WHAT THIS TASK INVOLVES:
Give back every record below precisely as written.

EXTRACTED INFORMATION:
========

lemma gen_cube_cong: "(\<And>i. i < n \<Longrightarrow> f i = g i) \<Longrightarrow> gen_cube n mu f = gen_cube n mu g"
  unfolding gen_cube_def by (intro sum.cong refl arg_cong2[where f="(*)"] prod.cong) auto

definition signed_copy :: "(nat \<Rightarrow> int) \<Rightarrow> nat \<Rightarrow> nat + nat" where
  "signed_copy \<sigma> i = (if \<sigma> i = 1 then Inl i else Inr i)"

lemma inj_signed_copy: "inj (signed_copy \<sigma>)"
  unfolding signed_copy_def inj_def by (auto split: if_splits)

lemma S_of_eq_image: "\<sigma> \<in> cube n \<Longrightarrow> S_of n \<sigma> = signed_copy \<sigma> ` {..<n}"
  unfolding S_of_def signed_copy_def using cube_coord[of \<sigma> n] by (auto; force)

lemma S_of_mem_subsets:
  assumes "\<sigma> \<in> cube n"
  shows "S_of n \<sigma> \<in> {S. S \<subseteq> ground n \<and> card S = n}"
proof -
  have "card (S_of n \<sigma>) = n"
    unfolding S_of_eq_image[OF assms] by (simp add: card_image inj_on_subset[OF inj_signed_copy])
  moreover have "S_of n \<sigma> \<subseteq> ground n"
    unfolding S_of_def ground_def by auto
  ultimately show ?thesis by simp
qed

lemma finite_ground: "finite (ground n)"
  unfolding ground_def by simp

lemma finite_subsets_ground: "finite {S. S \<subseteq> ground n \<and> card S = k}"
  using finite_ground by (rule finite_subset[rotated, OF finite_Pow_iff[THEN iffD2]]) auto

lemma sum_ground: "(\<Sum>x\<in>ground n. f x) = (\<Sum>i<n. f (Inl i) + f (Inr i))"
proof -
  have "(\<Sum>x\<in>ground n. f x) = (\<Sum>x\<in>Inl ` {..<n}. f x) + (\<Sum>x\<in>Inr ` {..<n}. f x)"
    unfolding ground_def by (rule sum.union_disjoint) auto
  then show ?thesis by (simp add: sum.reindex sum.distrib)
qed

lemma sum_hom_eq:
  "(\<Sum>S\<in>{S. S \<subseteq> ground n \<and> card S = n}. hom n mu S * F S) = (\<Sum>\<sigma>\<in>cube n. mu \<sigma> * F (S_of n \<sigma>))"
proof -
  have "(\<Sum>S\<in>{S. S \<subseteq> ground n \<and> card S = n}. hom n mu S * F S)
     = (\<Sum>S\<in>{S. S \<subseteq> ground n \<and> card S = n}. \<Sum>\<sigma>\<in>cube n. if S_of n \<sigma> = S then mu \<sigma> * F S else 0)"
    unfolding hom_def sum_distrib_right by (intro sum.cong refl) auto
  also have "\<dots> = (\<Sum>\<sigma>\<in>cube n. \<Sum>S\<in>{S. S \<subseteq> ground n \<and> card S = n}. if S_of n \<sigma> = S then mu \<sigma> * F S else 0)"
    by (rule sum.swap)
  also have "\<dots> = (\<Sum>\<sigma>\<in>cube n. mu \<sigma> * F (S_of n \<sigma>))"
    using S_of_mem_subsets finite_subsets_ground by (intro sum.cong refl) (simp add: sum.delta)
  finally show ?thesis .
qed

========

SOLUTION TO THIS EXERCISE:
lemma gen_cube_cong: "(\<And>i. i < n \<Longrightarrow> f i = g i) \<Longrightarrow> gen_cube n mu f = gen_cube n mu g"
  unfolding gen_cube_def by (intro sum.cong refl arg_cong2[where f="(*)"] prod.cong) auto

definition signed_copy :: "(nat \<Rightarrow> int) \<Rightarrow> nat \<Rightarrow> nat + nat" where
  "signed_copy \<sigma> i = (if \<sigma> i = 1 then Inl i else Inr i)"

lemma inj_signed_copy: "inj (signed_copy \<sigma>)"
  unfolding signed_copy_def inj_def by (auto split: if_splits)

lemma S_of_eq_image: "\<sigma> \<in> cube n \<Longrightarrow> S_of n \<sigma> = signed_copy \<sigma> ` {..<n}"
  unfolding S_of_def signed_copy_def using cube_coord[of \<sigma> n] by (auto; force)

lemma S_of_mem_subsets:
  assumes "\<sigma> \<in> cube n"
  shows "S_of n \<sigma> \<in> {S. S \<subseteq> ground n \<and> card S = n}"
proof -
  have "card (S_of n \<sigma>) = n"
    unfolding S_of_eq_image[OF assms] by (simp add: card_image inj_on_subset[OF inj_signed_copy])
  moreover have "S_of n \<sigma> \<subseteq> ground n"
    unfolding S_of_def ground_def by auto
  ultimately show ?thesis by simp
qed

lemma finite_ground: "finite (ground n)"
  unfolding ground_def by simp

lemma finite_subsets_ground: "finite {S. S \<subseteq> ground n \<and> card S = k}"
  using finite_ground by (rule finite_subset[rotated, OF finite_Pow_iff[THEN iffD2]]) auto

lemma sum_ground: "(\<Sum>x\<in>ground n. f x) = (\<Sum>i<n. f (Inl i) + f (Inr i))"
proof -
  have "(\<Sum>x\<in>ground n. f x) = (\<Sum>x\<in>Inl ` {..<n}. f x) + (\<Sum>x\<in>Inr ` {..<n}. f x)"
    unfolding ground_def by (rule sum.union_disjoint) auto
  then show ?thesis by (simp add: sum.reindex sum.distrib)
qed

lemma sum_hom_eq:
  "(\<Sum>S\<in>{S. S \<subseteq> ground n \<and> card S = n}. hom n mu S * F S) = (\<Sum>\<sigma>\<in>cube n. mu \<sigma> * F (S_of n \<sigma>))"
proof -
  have "(\<Sum>S\<in>{S. S \<subseteq> ground n \<and> card S = n}. hom n mu S * F S)
     = (\<Sum>S\<in>{S. S \<subseteq> ground n \<and> card S = n}. \<Sum>\<sigma>\<in>cube n. if S_of n \<sigma> = S then mu \<sigma> * F S else 0)"
    unfolding hom_def sum_distrib_right by (intro sum.cong refl) auto
  also have "\<dots> = (\<Sum>\<sigma>\<in>cube n. \<Sum>S\<in>{S. S \<subseteq> ground n \<and> card S = n}. if S_of n \<sigma> = S then mu \<sigma> * F S else 0)"
    by (rule sum.swap)
  also have "\<dots> = (\<Sum>\<sigma>\<in>cube n. mu \<sigma> * F (S_of n \<sigma>))"
    using S_of_mem_subsets finite_subsets_ground by (intro sum.cong refl) (simp add: sum.delta)
  finally show ?thesis .
qed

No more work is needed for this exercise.